I left university, a four year degree, at the ripe old age of 22, in 1995. After a brief summer holidaying and all that, I reluctantly left my Mac Classic, 28.8 modem, and my brand spanking new internet account (not many of them around then!) to start earning a quid or two. I began my career as a trainee accountant with the (then) Big Six firm Coopers & Lybrand, in London. The firm was quite unusual in that everyone had their own laptop, a chunky ole’ Toshiba, with Windows 3.1, Lotus Smartsuite, and some weird thing called Lotus Notes (version 3.3) on it. I recall being most impressed by the C&L screensaver at the time, which featured an animated image of the flagship offices down Villiers Street in London. Anyway, We logged all our auditing with this Lotus Notes thing, using a custom in-house application developed by a global technology team in Dallas. After a bump to Notes 4.52 on Windows 95 (now running on IBM Thinkpads) a couple of years later, little did I know that come the R5 timeframe, I’d be working with that global team in Dallas, helping to put together a most ambitious new release of the in-house auditing software. Heady times!
But I’ve gotten ahead of myself… how do we go from trainee accountant to Notes developer? In a fairly straightforward manner as it happens. I detested auditing, and accounting wasn’t much better. I really hated the full-on exams and hours of study on top of 50 - 70 hour weeks too. After a few all-nighters at work, and a failure in my second-year exams, enough was enough, this auditing lark was destroying me. So, some two months after the premature birth of our debut bean, I found myself making the first “leap” of my career (there have been a couple more leaps since!)
Luckily, I had something up my sleeve back in 1998: as an auditor, I’d been squirreling away with this Lotus Notes lark. We had full access to the Designer client in 4.x, so I happily knocked stuff together for my audit teams, and it was pretty well-received. I don’t know what this says about me (OK, I just don’t want to think about it), but something about Notes “clicked”. Up until then, my only experience of coding had been BASIC as a kid, plus fledgeling web development on UNIX in 1993… Notes development on Windows (against OS/2 servers) was quite a different beast.
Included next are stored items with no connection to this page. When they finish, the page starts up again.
theorem mainTheorem9:
  fixes N :: nat and \<phi> \<psi> :: "nat \<Rightarrow> complex"
  assumes "N \<ge> 1"
    and "\<And>k. k \<le> 2 * N - 2 \<Longrightarrow>
           cmod (trigP N \<phi> (real k / real (2 * N - 1))) = cmod (trigP N \<psi> (real k / real (2 * N - 1)))"
    and "\<And>k. k \<le> 2 * N - 2 \<Longrightarrow>
           cmod (trigP' N \<phi> (real k / real (2 * N - 1))) = cmod (trigP' N \<psi> (real k / real (2 * N - 1)))"
  shows "\<exists>c::complex. cmod c = 1 \<and> (\<forall>j<N. \<psi> j = c * \<phi> j)"
proof -
  define M where "M = N - 1"
  have nodes: "2 * N - 2 = 2 * M" "2 * N - 1 = 2 * M + 1"
    using assms(1) by (simp_all add: M_def)
  define p q where "p = poly_of_vec N \<phi>" and "q = poly_of_vec N \<psi>"
  have deg: "degree p \<le> M" "degree q \<le> M" "degree (euler_op p) \<le> M" "degree (euler_op q) \<le> M"
    unfolding p_def q_def M_def euler_op_poly_of_vec by (rule degree_poly_of_vec)+
  have "p * conj_reflect M p = q * conj_reflect M q"
    using deg assms(2)[unfolded nodes]
    by (intro mult_conj_reflect_eq_if_cmod_eq) (simp_all add: trigP_eq_poly p_def q_def)
  moreover have "euler_op p * conj_reflect M (euler_op p) = euler_op q * conj_reflect M (euler_op q)"
    using deg assms(3)[unfolded nodes]
    by (intro mult_conj_reflect_eq_if_cmod_eq) (simp_all add: trigP'_eq_poly p_def q_def norm_mult)
  ultimately obtain c where c: "cmod c = 1" "q = smult c p"
    using unimodular_smult_if_mult_conj_reflect_eq deg by blast
  have "\<psi> j = c * \<phi> j" if "j < N" for j
    using arg_cong[OF c(2), of "\<lambda>h. coeff h j"] that by (simp add: p_def q_def coeff_poly_of_vec)
  with c(1) show ?thesis
    by blast
qed

end
lemma C2_orthogonal_imp_zero:
  assumes "t1 < t2" and cg: "continuous_on {t1..t2} g"
    and orth: "\<And>\<eta>. C2 t1 t2 \<eta> \<Longrightarrow> \<eta> t1 = 0 \<Longrightarrow> \<eta> t2 = 0 \<Longrightarrow>
      integral {t1..t2} (\<lambda>s. g s * \<eta> s) = 0"
    and s: "s \<in> {t1..t2}"
  shows "g s = 0"
proof -
  \<comment> \<open>Test against a second primitive \<open>W\<close> of \<open>g\<close>; the constant \<open>c\<close> makes \<open>W\<close> vanish at \<open>t2\<close>.\<close>
  define c where "c = integral {t1..t2} (\<lambda>r. integral {t1..r} g) / (t2 - t1)"
  define G where "G r = integral {t1..r} g - c" for r
  define W where "W r = integral {t1..r} G" for r
  have dG: "(G has_vector_derivative g r) (at r within {t1..t2})" if "r \<in> {t1..t2}" for r
    unfolding G_def using integral_has_vector_derivative[OF cg that]
    by (auto intro!: derivative_eq_intros)
  have cG: "continuous_on {t1..t2} G" by (rule continuous_on_vector_derivative[OF dG])
  have dW: "(W has_vector_derivative G r) (at r within {t1..t2})" if "r \<in> {t1..t2}" for r
    unfolding W_def by (rule integral_has_vector_derivative[OF cG that])
  have C2W: "C2 t1 t2 W" by (rule C2I[OF assms(1) dW dG cg])
  have dI_W: "dI t1 t2 W r = G r" and dI_dI_W: "dI t1 t2 (dI t1 t2 W) r = g r"
    if "r \<in> {t1..t2}" for r
    using that by (auto intro!: dI_eqI dI_has_vector_derivative dW dG assms(1))
  have W1: "W t1 = 0" by (simp add: W_def)
  have "W t2 = integral {t1..t2} (\<lambda>r. integral {t1..r} g) - integral {t1..t2} (\<lambda>r. c)"
    unfolding W_def G_def
    by (rule integral_diff)
      (auto intro: integrable_continuous_real continuous_on_vector_derivative
        integral_has_vector_derivative[OF cg])
  then have W2: "W t2 = 0" using assms(1) by (simp add: c_def)
  have "integral {t1..t2} (\<lambda>s. dI t1 t2 (dI t1 t2 W) s * W s)
      = - integral {t1..t2} (\<lambda>s. dI t1 t2 W s * dI t1 t2 W s)"
    using integral_by_parts_C2[OF assms(1) C2W C2W] by (simp add: W1 W2)
  moreover have "integral {t1..t2} (\<lambda>s. dI t1 t2 (dI t1 t2 W) s * W s)
      = integral {t1..t2} (\<lambda>s. g s * W s)"
    by (rule integral_cong) (simp add: dI_dI_W)
  moreover have "integral {t1..t2} (\<lambda>s. dI t1 t2 W s * dI t1 t2 W s)
      = integral {t1..t2} (\<lambda>s. G s * G s)"
    by (rule integral_cong) (simp add: dI_W)
  ultimately have "integral {t1..t2} (\<lambda>s. G s * G s) = 0"
    using orth[OF C2W W1 W2] by linarith
  then have "((\<lambda>s. G s * G s) has_integral 0) {t1..t2}"
    using integrable_integral[OF integrable_continuous_real[OF continuous_on_mult[OF cG cG]]]
    by simp
  then have G0: "G r = 0" if "r \<in> {t1..t2}" for r
  proof -
    have "G r * G r = 0"
      by (rule has_integral_0_cbox_imp_0[of t1 t2 "\<lambda>s. G s * G s"])
        (use cG \<open>(_ has_integral 0) _\<close> assms(1) that in \<open>auto intro!: continuous_intros\<close>)
    then show ?thesis by simp
  qed
  have "(G has_vector_derivative 0) (at s within {t1..t2})"
    by (rule has_vector_derivative_transform[OF s _ has_vector_derivative_const]) (simp add: G0)
  then show ?thesis
    using vector_derivative_unique_within_closed_interval[of t1 t2 s G "g s" 0] dG[OF s] assms(1) s
    by simp
qed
Anyway, I got in touch with an in-house technology group, they knew my work (!) and things proceeded from there, ending up with yours truly as a senior Notes / Domino / Java / web type within a few years.
And now here I am, almost thirteen years post-university, still developing, and doing accounting once again to boot—funny old world innit?
So, how’s about you? You want to tell us all about it, you know you do.